You need a job description in your mind of what it is you’re responsible for and how you are still going to be able to perform the duties of your job, given what you’re asking for. A lot of managers have a hard time granting something that they’re afraid every other domino, every other person’s going to ask for, two, and they’re going to be left with nobody in the office.
So tend to that by saying, “Can we try this? Can we try this for two months or three months?” And what that does is it keeps your manager from feeling like he or she is signing in blood, that this is going to happen forever. And also, what you can know in the back of your mind is that if you’ve ever had a baby or if you have a baby, babies’ needs and schedules change by the month, if not by the week. So the truth is is when you revisit that conversation in two months or three months during which you’ve proven your plan to work, you may have a totally different need that’s actually more important to you in that time.
And that’s fine to sort of renege on what you did before and ask for something new because what it does is it just establishes a pattern of being able to have these conversations. There are no longer huge negotiations. It’s just how people who are managed and managing talk to each other all day long about how life and jobs are evolving. And that will happen for years as your needs change.
Negotiating a Raise
I love the question of, “How do you ask for a raise after coming back from maternity leave” because here’s the extremely simple answer. You ask for it no differently than you ever would have asked for it before. A raise is about a monetary reward for the work that you are doing. It’s compensation for your work. It actually has nothing to do with your personal life.

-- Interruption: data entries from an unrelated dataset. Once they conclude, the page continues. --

(* Let $\{\hat x_t\}_{t\ge0}$, $\hat x_t=\frac1M\sum_m x_t^m$, be the average points generated by Algorithm SAVIC (described in the context), and let $\hat D^t$ denote the scaling matrix at iteration $t$, obtained by the update rules in the context, where $D^0$ and all $H^t$ are diagonal with $\alpha I\preceq D^0\preceq\Gamma I$ and $\alpha I\preceq H^t\preceq\Gamma I$ for some $0<\alpha\le\Gamma$. Then $$\|\hat x_{t+1}-x_*\|^2_{\hat D^{t+1}}\le\big(1+(1-\beta_{t+1})C\big)\|\hat x_{t+1}-x_*\|^2_{\hat D^t},$$ with $C=\frac{\Gamma^2}{2\alpha^2}$ for the squared update rule and $C=\frac{2\Gamma}{\alpha}$ for the linear update rule. In particular, if $\beta_{t+1}\ge1-\frac{\gamma\mu\alpha^2}{\Gamma^3}$ (squared rule) or $\beta_{t+1}\ge1-\frac{\gamma\mu\alpha}{4\Gamma^2}$ (linear rule), then $$\|\hat x_{t+1}-x_*\|^2_{\hat D^{t+1}}\le\left(1+\frac{\gamma\mu}{2\Gamma}\right)\|\hat x_{t+1}-x_*\|^2_{\hat D^t}.$$
   Context: Problem: minimize $f(x)=\frac1M\sum_{m=1}^Mf_m(x)$ over $\mathbb R^d$, $x_*$ a solution; $\mu\ge0$ is the strong convexity constant of the $f_m$, $\gamma>0$ the stepsize. For a positive definite matrix $A$, $\|x\|_A^2=\langle x,Ax\rangle$. Update rules: diagonal matrices $D^t$ satisfy either the squared rule $(D^t)^2=\beta_t(D^{t-1})^2+(1-\beta_t)(H^t)^2$ or the linear rule $D^t=\beta_tD^{t-1}+(1-\beta_t)H^t$, with $\beta_t\in[0,1]$ and $H^t$ diagonal; then $(\hat D^t)_{ii}=\max\{\alpha,|D^t_{ii}|\}$. Algorithm SAVIC: stepsize $\gamma$, $x_0^m=x_0$, synchronization times $t_0=0<t_1<\dots$; at $t=t_p$ the preconditioner $\hat D^{t_p}$ is updated and is used (by all clients) for all $t_p\le t<t_{p+1}$ (so the scaling matrix at iteration $t$ is $\hat D^{t_p}$); client $m$ samples $z_m\sim\mathcal D_m$ and sets $x_{t+1}^m=\frac1M\sum_j(x_t^j-\gamma(\hat D^{t_p})^{-1}\nabla f_j(x_t^j,z_j))$ if $t=t_p$ for some $p$, else $x_{t+1}^m=x_t^m-\gamma(\hat D^{t_p})^{-1}\nabla f_m(x_t^m,z_m)$. *)

theory Defs
  imports "HOL-Analysis.Analysis"
begin

type_synonym 'n mat = "real ^ 'n ^ 'n"

definition is_diag :: "'n::finite mat \<Rightarrow> bool" where
  "is_diag A \<longleftrightarrow> (\<forall>i j. i \<noteq> j \<longrightarrow> A $ i $ j = 0)"

definition loewner_le :: "'n::finite mat \<Rightarrow> 'n mat \<Rightarrow> bool" where
  "loewner_le A B \<longleftrightarrow> (\<forall>x. x \<bullet> (A *v x) \<le> x \<bullet> (B *v x))"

So you need to have context in mind. Yes, your needs in terms of what’s in your bank account may have changed in the last several months. However, if your company has a set time of year when they assess performance and compensation, you knew that, and you need to have that in mind, and you could present your boss with a plan for what you would need to do between now and then to get that raise. But it should really be entirely a conversation about duties and performance and not about your personal life.